REQUIRED WORK: Nothing is to be output except the lines from the one containing "(* Renyi divergence" through the end of the material, each reproduced exactly.

Start of Block

(* Let $\alpha\in(0,1)\cup(1,\infty)$ and let $p_{X,Y}=p_Xp_{Y\mid X}$ be a joint distribution on finite alphabets $\mathcal X\times\mathcal Y$. Then $$I_\alpha^{\mathrm S}(X;Y)=\max_{r_{X\mid Y}}F_\alpha^{\mathrm{S1}}(p_X,r_{X\mid Y})=\max_{r_{X\mid Y}}F_\alpha^{\mathrm{S2}}(p_X,r_{X\mid Y}),$$ where $$F_\alpha^{\mathrm{S1}}(p_X,r_{X\mid Y}):=\frac{\alpha}{\alpha-1}\log\sum_{x,y}p_X(x)^{1/\alpha}p_{Y\mid X}(y\mid x)\,r_{X\mid Y}(x\mid y)^{1-\frac1\alpha},$$ $$F_\alpha^{\mathrm{S2}}(p_X,r_{X\mid Y}):=F_\alpha^{\mathrm{S1}}(p_X,r_{X_\alpha\mid Y})=\frac{\alpha}{\alpha-1}\log\sum_{x,y}p_X(x)^{1/\alpha}p_{Y\mid X}(y\mid x)\,r_{X_\alpha\mid Y}(x\mid y)^{1-\frac1\alpha}.$$ Moreover, for $\alpha\in(1,\infty)$, $$I_\alpha^{\mathrm S}(X;Y)=\max_{\tilde q_{X,Y}}\max_{r_{X\mid Y}}\tilde F_\alpha^{\mathrm{S3}}(p_X,\tilde q_{X,Y},r_{X\mid Y}),$$ where, writing $\tilde q_X$ for the $X$-marginal of $\tilde q_{X,Y}$, $$\tilde F_\alpha^{\mathrm{S3}}(p_X,\tilde q_{X,Y},r_{X\mid Y}):=\frac{\alpha}{1-\alpha}D(\tilde q_{X,Y}\,\|\,\tilde q_Xp_{Y\mid X})+\mathbb E^{\tilde q_{X,Y}}\!\left[\log\frac{r_{X\mid Y}(X\mid Y)}{\tilde q_X(X)}\right]+\frac{1}{1-\alpha}D(\tilde q_X\,\|\,p_X).$$
   Context: All alphabets are finite and $\log$ is the natural logarithm. $D(p\|q)=\sum_z p(z)\log\frac{p(z)}{q(z)}$ is the Kullback–Leibler divergence. For $\alpha\in(0,1)\cup(1,\infty)$, the Rényi divergence is $D_\alpha(p\|q):=\frac{1}{\alpha-1}\log\sum_z p(z)^\alpha q(z)^{1-\alpha}$, and the Sibson mutual information of order $\alpha$ is $I_\alpha^{\mathrm S}(X;Y):=\min_{q_Y}D_\alpha(p_Xp_{Y\mid X}\|p_Xq_Y)$, the minimum over all distributions $q_Y$ on $\mathcal Y$. A reverse channel $r_{X\mid Y}=\{r_{X\mid Y}(\cdot\mid y)\}_{y\in\mathcal Y}$ is a family of distributions on $\mathcal X$ indexed by $y$; maxima over $r_{X\mid Y}$ range over all reverse channels, and maxima over $\tilde q_{X,Y}$ range over all joint distributions on $\mathcal X\times\mathcal Y$. $r_{X_\alpha\mid Y}$ denotes the $\alpha$-tilted reverse channel, $r_{X_\alpha\mid Y}(x\mid y):=r_{X\mid Y}(x\mid y)^\alpha/\sum_{x'}r_{X\mid Y}(x'\mid y)^\alpha$. $\mathbb E^{q}[\cdot]$ denotes expectation with respect to $q$. *)

theory Defs
  imports "HOL-Analysis.Analysis"
begin

definition is_pmf :: "('a::finite \<Rightarrow> real) \<Rightarrow> bool" where
  "is_pmf p \<longleftrightarrow> (\<forall>z. 0 \<le> p z) \<and> sum p UNIV = 1"

(* Channel p_{Y|X}: W x y = p_{Y|X}(y|x) *)
definition is_channel :: "('x::finite \<Rightarrow> 'y::finite \<Rightarrow> real) \<Rightarrow> bool" where
  "is_channel W \<longleftrightarrow> (\<forall>x. is_pmf (W x))"

(* Reverse channel r_{X|Y}: r y x = r_{X|Y}(x|y) *)
definition reverse_channels :: "('y::finite \<Rightarrow> 'x::finite \<Rightarrow> real) set" where
  "reverse_channels = {r. \<forall>y. is_pmf (r y)}"

(* Kullback-Leibler divergence, conventions 0 log(0/q) = 0, p log(p/0) = +\<infinity> *)
definition KL :: "('a::finite \<Rightarrow> real) \<Rightarrow> ('a \<Rightarrow> real) \<Rightarrow> ereal" where
  "KL p q = (if \<exists>z. p z > 0 \<and> q z = 0 then \<infinity>
             else ereal (\<Sum>z\<in>{z. p z > 0}. p z * ln (p z / q z)))"

(* Renyi divergence of order \<alpha>, usual conventions (0^\<alpha> = 0, p^\<alpha> 0^(1-\<alpha>) = +\<infinity> for \<alpha> > 1, p > 0,
   log 0 = -\<infinity>) *)
definition renyi_div :: "real \<Rightarrow> ('a::finite \<Rightarrow> real) \<Rightarrow> ('a \<Rightarrow> real) \<Rightarrow> ereal" where
  "renyi_div \<alpha> p q =
     (let s = (\<Sum>z\<in>{z. p z > 0 \<and> q z > 0}. p z powr \<alpha> * q z powr (1 - \<alpha>)) in
      if (\<alpha> > 1 \<and> (\<exists>z. p z > 0 \<and> q z = 0)) \<or> s = 0 then \<infinity>
      else ereal (ln s / (\<alpha> - 1)))"

definition sibson_MI :: "real \<Rightarrow> ('x::finite \<Rightarrow> real) \<Rightarrow> ('x \<Rightarrow> 'y::finite \<Rightarrow> real) \<Rightarrow> ereal" where
  "sibson_MI \<alpha> p W =
     (INF q\<in>{q :: 'y \<Rightarrow> real. is_pmf q}.
        renyi_div \<alpha> (\<lambda>(x, y). p x * W x y) (\<lambda>(x, y). p x * q y))"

End of Block

RESPONSE AREA:
(* Renyi divergence of order \<alpha>, usual conventions (0^\<alpha> = 0, p^\<alpha> 0^(1-\<alpha>) = +\<infinity> for \<alpha> > 1, p > 0,
   log 0 = -\<infinity>) *)
definition renyi_div :: "real \<Rightarrow> ('a::finite \<Rightarrow> real) \<Rightarrow> ('a \<Rightarrow> real) \<Rightarrow> ereal" where
  "renyi_div \<alpha> p q =
     (let s = (\<Sum>z\<in>{z. p z > 0 \<and> q z > 0}. p z powr \<alpha> * q z powr (1 - \<alpha>)) in
      if (\<alpha> > 1 \<and> (\<exists>z. p z > 0 \<and> q z = 0)) \<or> s = 0 then \<infinity>
      else ereal (ln s / (\<alpha> - 1)))"

definition sibson_MI :: "real \<Rightarrow> ('x::finite \<Rightarrow> real) \<Rightarrow> ('x \<Rightarrow> 'y::finite \<Rightarrow> real) \<Rightarrow> ereal" where
  "sibson_MI \<alpha> p W =
     (INF q\<in>{q :: 'y \<Rightarrow> real. is_pmf q}.
        renyi_div \<alpha> (\<lambda>(x, y). p x * W x y) (\<lambda>(x, y). p x * q y))"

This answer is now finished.